Лариса некоторое время каменно сидела, выходя из прострации, потом побрела в комнату секретариата.
Увидев её, Лизетта сходу всё поняла:
– Что вместо твоей Кротовой ставить будем? У тебя хоть что-то в заначке есть?
– Елизавета Григорьевна, я сейчас пойду подумаю, после обеда скажу. Не злитесь на меня, это не я…
– Да знаю я, кто у тебя, да что. Вечно как всегда. Уйди с глаз моих!
В дверях секретарской Лариса столкнулась с Ниткиным. Он проводил поникшую фигурку взглядом, и до Ларисы долетел его визгливый голос:
– Я же говорил, что на Лебедеву надеяться нельзя! Только с подписью можно было планировать в номер её чушь! Вас вот только жалко, Лизетта Григорьевна! А Триш-то…
– Какая я тебе Лизетта? Какая Лизетта? Ты для своих коммунисточек дразнилки придумывай, а у меня матушкой данное имя есть! А ну пошёл отседа!!! – Вешкина срывала своё неистовство на Ниткине.
Спокойно обмозговать ситуацию не получилось. В дверь Ларисиной каморки просунула длинный заметно покрасневший носик Танька Смешляева, корреспондент по теме «Город». Видно, вычерчивая свой очередной докладец о какой-нибудь пиар-акции мэрии, для вдохновения уже пропустила рюмку-другую.
– Лорка, чё стряслось? Триш там рвёт и мечет, велел тебе к нему мухой лететь.
– Ничего особенного. Спасибо, Таня, иду – Лариса старалась не подавать виду, что расстроена. А то Смешляева тут же разнесёт последние известия по всей редакции. Впрочем, и так разнесёт…

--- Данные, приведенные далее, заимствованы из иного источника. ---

lemma Tan_Rcone_zero:
  fixes K :: "'a::euclidean_space set"
  assumes R: "R > 0" and K: "K \<subseteq> sphere 0 1"
  shows "Tan (Rcone R K) 0 = {v. \<forall>k\<in>K. inner v k \<le> 0}"
proof (intro set_eqI iffI; clarsimp)
  fix v k assume v: "v \<in> Tan (Rcone R K) 0" and k: "k \<in> K"
  show "inner v k \<le> 0"
  proof (rule ccontr)
    assume "\<not> inner v k \<le> 0"
    then have vk: "inner v k > 0" by simp
    define e where "e = min 1 (min (inner v k / 2) (R * inner v k / (norm v + 1)))"
    have "norm v + 1 > 0" by (simp add: add_nonneg_pos)
    then have e0: "e > 0" unfolding e_def using vk R by simp
    obtain x r where x: "x \<in> Rcone R K" "norm x < e" and r: "r > 0" "norm (r *\<^sub>R x - v) < e"
      using v e0 unfolding Tan_def by auto
    \<comment> \<open>$2R\langle rx, k\rangle \le r|x|^2 = |rx|\,|x| = O(e)$, so the direction $rx \approx v$ cannot have $\langle v, k\rangle > 0$.\<close>
    have "2 * R * inner x k \<le> (norm x)\<^sup>2" using x(1) k mem_Rcone_iff_inner[OF R K] by blast
    then have "2 * R * inner (r *\<^sub>R x) k \<le> r * (norm x)\<^sup>2"
      using r by (simp add: mult.left_commute)
    also have "\<dots> = norm (r *\<^sub>R x) * norm x" using r by (simp add: power2_eq_square)
    also have "\<dots> \<le> (norm v + 1) * e"
    proof (rule mult_mono)
      show "norm (r *\<^sub>R x) \<le> norm v + 1"
        using norm_triangle_ineq2[of "r *\<^sub>R x" v] r(2) unfolding e_def by simp
    qed (use x in auto)
    also have "\<dots> \<le> R * inner v k"
    proof -
      have "e \<le> R * inner v k / (norm v + 1)" unfolding e_def by simp
      then show ?thesis by (simp add: field_simps add_pos_nonneg)
    qed
    finally have "inner (r *\<^sub>R x) k \<le> inner v k / 2" using R by (simp add: field_simps)
    moreover have "inner (v - r *\<^sub>R x) k \<le> norm (v - r *\<^sub>R x)"
      using norm_cauchy_schwarz[of "v - r *\<^sub>R x" k] K k by auto
    moreover have "norm (v - r *\<^sub>R x) < inner v k / 2"
      using r(2) unfolding e_def by (simp add: norm_minus_commute)
    ultimately show False by (simp add: inner_diff_left)
  qed
next
  fix v assume v: "\<forall>k\<in>K. inner v k \<le> 0"
  show "v \<in> Tan (Rcone R K) 0"
    unfolding Tan_def
  proof (intro CollectI allI impI)
    fix e :: real assume e: "e > 0"
    define t where "t = e / (2 * (norm v + 1))"
    have nv: "norm v + 1 > 0" by (simp add: add_nonneg_pos)
    then have t0: "t > 0" unfolding t_def using e by simp
    have "t *\<^sub>R v \<in> Rcone R K"
      unfolding mem_Rcone_iff_inner[OF R K]
      using v t0 R by (auto intro: order_trans[OF _ zero_le_power2] simp: mult_nonneg_nonpos)
    moreover have "norm (t *\<^sub>R v) < e"
    proof -
      have "norm (t *\<^sub>R v) \<le> t * (norm v + 1)" using t0 by simp
      also have "\<dots> = e / 2" unfolding t_def using nv by (simp add: field_simps)
      finally show ?thesis using e by simp
    qed
    moreover have "norm ((1 / t) *\<^sub>R (t *\<^sub>R v - 0) - v) < e" using t0 e by simp
    ultimately show "\<exists>x\<in>Rcone R K. norm (x - 0) < e \<and> (\<exists>r>0. norm (r *\<^sub>R (x - 0) - v) < e)"
      using t0 by (intro bexI[of _ "t *\<^sub>R v"] conjI exI[of _ "1 / t"]) auto
  qed
qed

Триш по своему обыкновению увлечённо разглядывал что-то за стеклом, стоя к народу спиной. В углу, как растрёпанная птица, нахохлился Натаныч. Он явно был здесь первым провозвестником её позора.

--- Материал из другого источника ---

theorem lemma9:
  fixes x :: "nat \<Rightarrow> real" and lab :: "nat \<Rightarrow> nat" and mu nu :: "nat \<Rightarrow> real"
    and N beta s :: nat and c :: real
  assumes lab_range: "\<forall>i<N. lab i < beta"
    and means_distinct: "inj_on mu {..<beta}"
    and c_pos: "c > 0"
    and s_range: "s < beta"
    and gamma_small: "gamma mu nu beta < 1/4"
    and sep: "\<forall>r<beta. r \<noteq> s \<longrightarrow>
               \<bar>mu r - mu s\<bar> \<ge> c * phi_star x lab mu N / real (ncount lab N s)"
  shows "rho_in x lab nu beta N s \<le> 2 / ((1 - 4 * gamma mu nu beta) * c)
       \<and> rho_out x lab nu beta N s \<le> 2 / ((1 - 4 * gamma mu nu beta) * c)"
proof -
  define D where "D = c * phi_star x lab mu N / real (ncount lab N s)"
  define k where "k = (1 - 4 * gamma mu nu beta) / 2 * c"
  have D_le: "\<forall>r<beta. r \<noteq> s \<longrightarrow> D \<le> \<bar>mu r - mu s\<bar>"
    using sep by (simp add: D_def)
  have k_pos: "k > 0"
    using gamma_small c_pos by (simp add: k_def)
  have weight: "(1 - 4 * gamma mu nu beta) / 2 * D
      = k * (\<Sum>i<N. \<bar>x i - mu (lab i)\<bar>) / real (ncount lab N s)"
    by (simp add: D_def k_def phi_star_def)
  have T_bound: "i < N" if "i \<in> T lab N r" for i r
    using that by (simp add: T_def)
  note in_bounds =
    rho_in_point_bound[OF lab_range means_distinct s_range gamma_small D_le, unfolded weight]
  note out_bounds =
    rho_out_point_bound[OF means_distinct s_range gamma_small D_le, unfolded weight]
  have "rho_in x lab nu beta N s \<le> 1 / k" "rho_out x lab nu beta N s \<le> 1 / k"
    unfolding rho_in_def rho_out_def
    by (rule fraction_le_of_multiplicity_bound[where I = "{..<N}" and f = "\<lambda>i. \<bar>x i - mu (lab i)\<bar>"],
        use k_pos in_bounds out_bounds in \<open>auto dest: T_bound\<close>)+
  moreover have "1 / k = 2 / ((1 - 4 * gamma mu nu beta) * c)"
    by (simp add: k_def)
  ultimately show ?thesis
    by simp
qed

end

– Ну что, Лебедева, подвела под монастырь? В кои веки поверил, что ты можешь серьёзную корреспонденцию поднять, перед коллегами за тебя фактически поручился. А ты, оказывается, в соавторы взяла не пойми какую бабу, которая то бежит к тебе своё грязное бельё полоскать, а чуть что – отказывается от своих же слов. Ты понимаешь, что это твоя – не её, а твоя! – вина в том, что сегодня редакция на грани срыва выпуска! Дыра в текущем номере на две полосы – это что, хиханьки-хаханьки?
Лариса раскрыла было рот для ответа, но тут же его и захлопнула: возразить было нечего.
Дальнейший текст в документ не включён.